Requirement: Records follow. Select each line holding "rotated".

Stored items
(* Both sides of the identity satisfy the recursion
     X(n) = X(n - 1) + X(n - d - 1) + f(n - 1) - f(n - d - 1),   X(0) = 0,
   where f = f_d^(a).  Reading a partition from its smallest part: a member of F has smallest
   part a, which can be removed, or all parts at least a + d + 1, and then d + 1 can be taken
   off every part; a member of H has smallest part a, which can be removed while the other parts
   drop by d, or all parts above a, and then every part drops by one.  Hence F and H obey the same
   counting recursion f(n) = [n = a] + f(n - 1) + f(n - d - 1), and tracking the number of parts
   gives the recursion for the difference of the part counts.  On the right, convolving with f
   inherits the recursion of f, and the inhomogeneous term f_d^(1)(n - a) - f_d^(d+1)(n - a) equals
   f(n - 1) - f(n - d - 1) because f_d^(b)(k) only depends on k - b. *)

lemma perimeter_sorted:
  assumes "sorted_wrt (\<ge>) xs" "xs \<noteq> []"
  shows "perimeter xs = hd xs + length xs - 1"
proof -
  have "largest_part xs = hd xs"
    using assms unfolding largest_part_def by (cases xs) (auto intro!: Max_eqI)
  thus ?thesis by (simp add: perimeter_def num_parts_def)
qed

lemma perimeter_Nil: "perimeter [] = 0"
  by (simp add: perimeter_def largest_part_def num_parts_def)

lemma congruent_part_iff:
  fixes x b d :: nat
  assumes "1 \<le> b" "b \<le> d + 1"
  shows "0 < x \<and> x mod (d + 1) = b mod (d + 1) \<longleftrightarrow> b \<le> x \<and> (d + 1) dvd (x - b)"
proof
  assume x: "0 < x \<and> x mod (d + 1) = b mod (d + 1)"
  have "b \<le> x"
  proof (rule ccontr)
    assume "\<not> b \<le> x"
    hence "x mod (d + 1) = x" using assms by simp
    moreover have "b mod (d + 1) = (if b = d + 1 then 0 else b)" using assms by auto
    ultimately show False using x \<open>\<not> b \<le> x\<close> by (auto split: if_splits)
  qed
  thus "b \<le> x \<and> (d + 1) dvd (x - b)" using x by (simp add: mod_eq_dvd_iff_nat)
next
  assume "b \<le> x \<and> (d + 1) dvd (x - b)"
  thus "0 < x \<and> x mod (d + 1) = b mod (d + 1)" using assms by (simp add: mod_eq_dvd_iff_nat)
qed

lemma d_distinct_iff_sorted_wrt:
  assumes "1 \<le> d" "sorted_wrt (\<ge>) xs"
  shows "d_distinct d xs \<longleftrightarrow> sorted_wrt (\<lambda>x y. y + d \<le> x) xs"
proof -
  have "\<And>i j. i < j \<Longrightarrow> j < length xs \<Longrightarrow> xs ! j \<le> xs ! i"
    using assms(2) by (simp add: sorted_wrt_iff_nth_less)
  thus ?thesis unfolding d_distinct_def sorted_wrt_iff_nth_less
    using assms(1) by (metis add_le_same_cancel1 le_antisym le_trans not_one_le_zero)
qed

lemma sorted_wrt_gap_imp_sorted:
  "sorted_wrt (\<lambda>x y. y + (d::nat) \<le> x) xs \<Longrightarrow> sorted_wrt (\<ge>) xs"
  by (erule sorted_wrt_mono_rel[rotated]) auto

definition F_alt :: "nat \<Rightarrow> nat \<Rightarrow> nat \<Rightarrow> nat list set" where
  "F_alt d b n = {xs. xs \<noteq> [] \<and> sorted_wrt (\<ge>) xs \<and> hd xs + length xs = Suc n \<and>
     (\<forall>x\<in>set xs. b \<le> x \<and> (d + 1) dvd (x - b))}"

definition H_alt :: "nat \<Rightarrow> nat \<Rightarrow> nat \<Rightarrow> nat list set" where
  "H_alt d a n = {xs. xs \<noteq> [] \<and> sorted_wrt (\<lambda>x y. y + d \<le> x) xs \<and> hd xs + length xs = Suc n \<and>
     (\<forall>x\<in>set xs. a \<le> x)}"

lemma F_set_eq_F_alt:
  assumes "1 \<le> n" "1 \<le> b" "b \<le> d + 1"
  shows "F_set d b n = F_alt d b n"
proof (intro set_eqI)
  fix xs
  show "xs \<in> F_set d b n \<longleftrightarrow> xs \<in> F_alt d b n"
  proof (cases "xs = []")
    case True thus ?thesis using assms(1) by (simp add: F_set_def F_alt_def perimeter_Nil)
  next
    case False
    have "(\<forall>x\<in>set xs. 0 < x) \<and> (\<forall>x\<in>set xs. x mod (d + 1) = b mod (d + 1)) \<longleftrightarrow>
        (\<forall>x\<in>set xs. b \<le> x \<and> (d + 1) dvd (x - b))"
      using congruent_part_iff[OF assms(2,3)] by blast
    thus ?thesis using False assms(1)
      by (auto simp: F_set_def F_alt_def is_partition_def perimeter_sorted)
  qed
qed

lemma H_set_eq_H_alt:
  assumes "1 \<le> n" "1 \<le> a" "1 \<le> d"
  shows "H_set d a n = H_alt d a n"
proof (intro set_eqI)
  fix xs
  show "xs \<in> H_set d a n \<longleftrightarrow> xs \<in> H_alt d a n"
  proof (cases "xs = []")
    case True thus ?thesis using assms(1) by (simp add: H_set_def H_alt_def perimeter_Nil)
  next
    case False
    have "(\<forall>x\<in>set xs. a \<le> x) \<Longrightarrow> (\<forall>x\<in>set xs. 0 < x)" using assms(2) by auto
    thus ?thesis using False assms(1,3) sorted_wrt_gap_imp_sorted[of d xs]
      by (auto simp: H_set_def H_alt_def is_partition_def perimeter_sorted d_distinct_iff_sorted_wrt)
  qed
qed

lemma map_diff_add_cancel:
  "\<forall>x\<in>set xs. c \<le> x \<Longrightarrow> map (\<lambda>x. x + c) (map (\<lambda>x. x - (c::nat)) xs) = xs"
  by (induction xs) auto

lemma F_alt_index_ge: "xs \<in> F_alt d b n \<Longrightarrow> b \<le> n"
  by (cases xs) (auto simp: F_alt_def)

lemma Nil_notin_F_alt: "[] \<notin> F_alt d b n"
  by (simp add: F_alt_def)

lemma singleton_in_F_alt: "[b] \<in> F_alt d b b"
  by (simp add: F_alt_def)

lemma snoc_in_F_alt: "ys \<in> F_alt d b n \<Longrightarrow> ys @ [b] \<in> F_alt d b (Suc n)"
  by (auto simp: F_alt_def sorted_wrt_append)

lemma shift_in_F_alt:
  "rs \<in> F_alt d b n \<Longrightarrow> map (\<lambda>x. x + (d + 1)) rs \<in> F_alt d b (n + (d + 1))"
proof -
  assume "rs \<in> F_alt d b n"
  moreover have "(d + 1) dvd (x + (d + 1) - b)" if "b \<le> x" "(d + 1) dvd (x - b)" for x
    using that by (metis Nat.add_diff_assoc2 dvd_add_triv_right_iff)
  ultimately show ?thesis by (auto simp: F_alt_def sorted_wrt_map hd_map)
qed

lemma unshift_in_F_alt:
  assumes xs: "xs \<in> F_alt d b n" and big: "\<forall>y\<in>set xs. b + (d + 1) \<le> y"
  shows "map (\<lambda>y. y - (d + 1)) xs \<in> F_alt d b (n - (d + 1))"
  unfolding F_alt_def
proof (intro CollectI conjI)
  have ne: "xs \<noteq> []" and sorted: "sorted_wrt (\<ge>) xs" and len: "hd xs + length xs = Suc n"
    and parts: "\<forall>y\<in>set xs. b \<le> y \<and> (d + 1) dvd (y - b)"
    using xs by (auto simp: F_alt_def)
  show "map (\<lambda>y. y - (d + 1)) xs \<noteq> []" using ne by simp
  show "sorted_wrt (\<ge>) (map (\<lambda>y. y - (d + 1)) xs)"
    using sorted by (auto simp: sorted_wrt_map elim!: sorted_wrt_mono_rel[rotated])
  have "hd xs \<ge> b + (d + 1)" "1 \<le> length xs"
    using big ne hd_in_set[of xs] by (auto simp: Suc_le_eq)
  thus "hd (map (\<lambda>y. y - (d + 1)) xs) + length (map (\<lambda>y. y - (d + 1)) xs)
      = Suc (n - (d + 1))"
    using len ne by (simp add: hd_map)
  show "\<forall>z\<in>set (map (\<lambda>y. y - (d + 1)) xs). b \<le> z \<and> (d + 1) dvd (z - b)"
  proof
    fix z assume "z \<in> set (map (\<lambda>y. y - (d + 1)) xs)"
    then obtain y where y: "y \<in> set xs" "z = y - (d + 1)" by auto
    moreover have "(d + 1) dvd (y - b) - (d + 1)"
      using parts y(1) dvd_diff_nat dvd_refl by blast
    ultimately show "b \<le> z \<and> (d + 1) dvd (z - b)"
      using big by (force simp: add.commute)
  qed
qed

lemma F_alt_cases:
  assumes xs: "xs \<in> F_alt d b n"
  obtains "xs = [b]" "n = b"
  | ys where "ys \<in> F_alt d b (n - 1)" "xs = ys @ [b]"
  | rs where "rs \<in> F_alt d b (n - (d + 1))" "xs = map (\<lambda>x. x + (d + 1)) rs"
proof -
  obtain ys x where xs_eq: "xs = ys @ [x]"
    using xs by (metis Nil_notin_F_alt rev_exhaust)
  have sorted: "sorted_wrt (\<ge>) xs" and len: "hd xs + length xs = Suc n"
    and parts: "\<forall>y\<in>set xs. b \<le> y \<and> (d + 1) dvd (y - b)"
    using xs by (auto simp: F_alt_def)
  have x_min: "\<forall>y\<in>set xs. x \<le> y"
    using sorted xs_eq by (auto simp: sorted_wrt_append)
  show thesis
  proof (cases "x = b")
    case True
    show thesis
    proof (cases "ys = []")
      case True
      thus thesis using that(1) xs_eq len \<open>x = b\<close> by simp
    next
      case False
      hence "ys \<in> F_alt d b (n - 1)"
        using sorted parts len xs_eq by (auto simp: F_alt_def sorted_wrt_append)
      thus thesis using that(2) xs_eq \<open>x = b\<close> by simp
    qed
  next
    case False
    have "b + (d + 1) \<le> x"
    proof -
      have "b < x" using False parts xs_eq by auto
      moreover have "(d + 1) dvd (x - b)" using parts xs_eq by simp
      ultimately show ?thesis
        by (metis dvd_imp_le le_diff_conv2 less_imp_le zero_less_diff add.commute)
    qed
    hence big: "\<forall>y\<in>set xs. b + (d + 1) \<le> y" using x_min by force
    define rs where "rs = map (\<lambda>y. y - (d + 1)) xs"
    have "rs \<in> F_alt d b (n - (d + 1))"
      unfolding rs_def using xs big by (rule unshift_in_F_alt)
    moreover have "\<forall>y\<in>set xs. d + 1 \<le> y" using big by auto
    hence "xs = map (\<lambda>x. x + (d + 1)) rs"
      unfolding rs_def by (rule map_diff_add_cancel[symmetric])
    ultimately show thesis using that(3) by blast
  qed
qed

lemma F_alt_eq:
  assumes "1 \<le> b" "1 \<le> n"
  shows "F_alt d b n = (if n = b then {[b]} else {}) \<union> (\<lambda>ys. ys @ [b]) ` F_alt d b (n - 1)
    \<union> map (\<lambda>x. x + (d + 1)) ` F_alt d b (n - (d + 1))"
proof (intro equalityI subsetI)
  fix xs assume "xs \<in> F_alt d b n"
  thus "xs \<in> (if n = b then {[b]} else {}) \<union> (\<lambda>ys. ys @ [b]) ` F_alt d b (n - 1)
      \<union> map (\<lambda>x. x + (d + 1)) ` F_alt d b (n - (d + 1))"
    by (cases rule: F_alt_cases) auto
next
  have "n - (d + 1) + (d + 1) = n" if "rs \<in> F_alt d b (n - (d + 1))" for rs
    using F_alt_index_ge[OF that] assms(1) by linarith
  thus "xs \<in> F_alt d b n"
    if "xs \<in> (if n = b then {[b]} else {}) \<union> (\<lambda>ys. ys @ [b]) ` F_alt d b (n - 1)
      \<union> map (\<lambda>x. x + (d + 1)) ` F_alt d b (n - (d + 1))" for xs
    using that assms(2) singleton_in_F_alt snoc_in_F_alt[of _ d b "n - 1"]
      shift_in_F_alt[of _ d b "n - (d + 1)"]
    by (auto split: if_splits)
qed

lemma finite_sorted_lists_perimeter:
  "finite {xs. xs \<noteq> [] \<and> sorted_wrt (\<ge>) xs \<and> hd xs + length xs = Suc n}"
proof (rule finite_subset)
  show "finite {xs. set xs \<subseteq> {..n} \<and> length xs \<le> Suc n}"
    by (rule finite_lists_length_le) simp
  show "{xs. xs \<noteq> [] \<and> sorted_wrt (\<ge>) xs \<and> hd xs + length xs = Suc n}
      \<subseteq> {xs. set xs \<subseteq> {..n} \<and> length xs \<le> Suc n}"
  proof
    fix xs assume "xs \<in> {xs. xs \<noteq> [] \<and> sorted_wrt (\<ge>) xs \<and> hd xs + length xs = Suc n}"
    then obtain y ys where "xs = y # ys" "sorted_wrt (\<ge>) xs" "y + length xs = Suc n"
      by (cases xs) auto
    thus "xs \<in> {xs. set xs \<subseteq> {..n} \<and> length xs \<le> Suc n}" by auto
  qed
qed

lemma finite_F_alt: "finite (F_alt d b n)"
  by (rule finite_subset[OF _ finite_sorted_lists_perimeter]) (auto simp: F_alt_def)

lemma sum_Un3_image:
  assumes "finite A" "finite B" "finite C" "inj_on f B" "inj_on g C"
    and "A \<inter> f ` B = {}" "A \<inter> g ` C = {}" "f ` B \<inter> g ` C = {}"
  shows "sum h (A \<union> f ` B \<union> g ` C) = sum h A + sum (h \<circ> f) B + sum (h \<circ> g) C"
  using assms by (simp add: sum.union_disjoint Int_Un_distrib2 sum.reindex)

Problem solution:
  by (erule sorted_wrt_mono_rel[rotated]) auto
    using sorted by (auto simp: sorted_wrt_map elim!: sorted_wrt_mono_rel[rotated])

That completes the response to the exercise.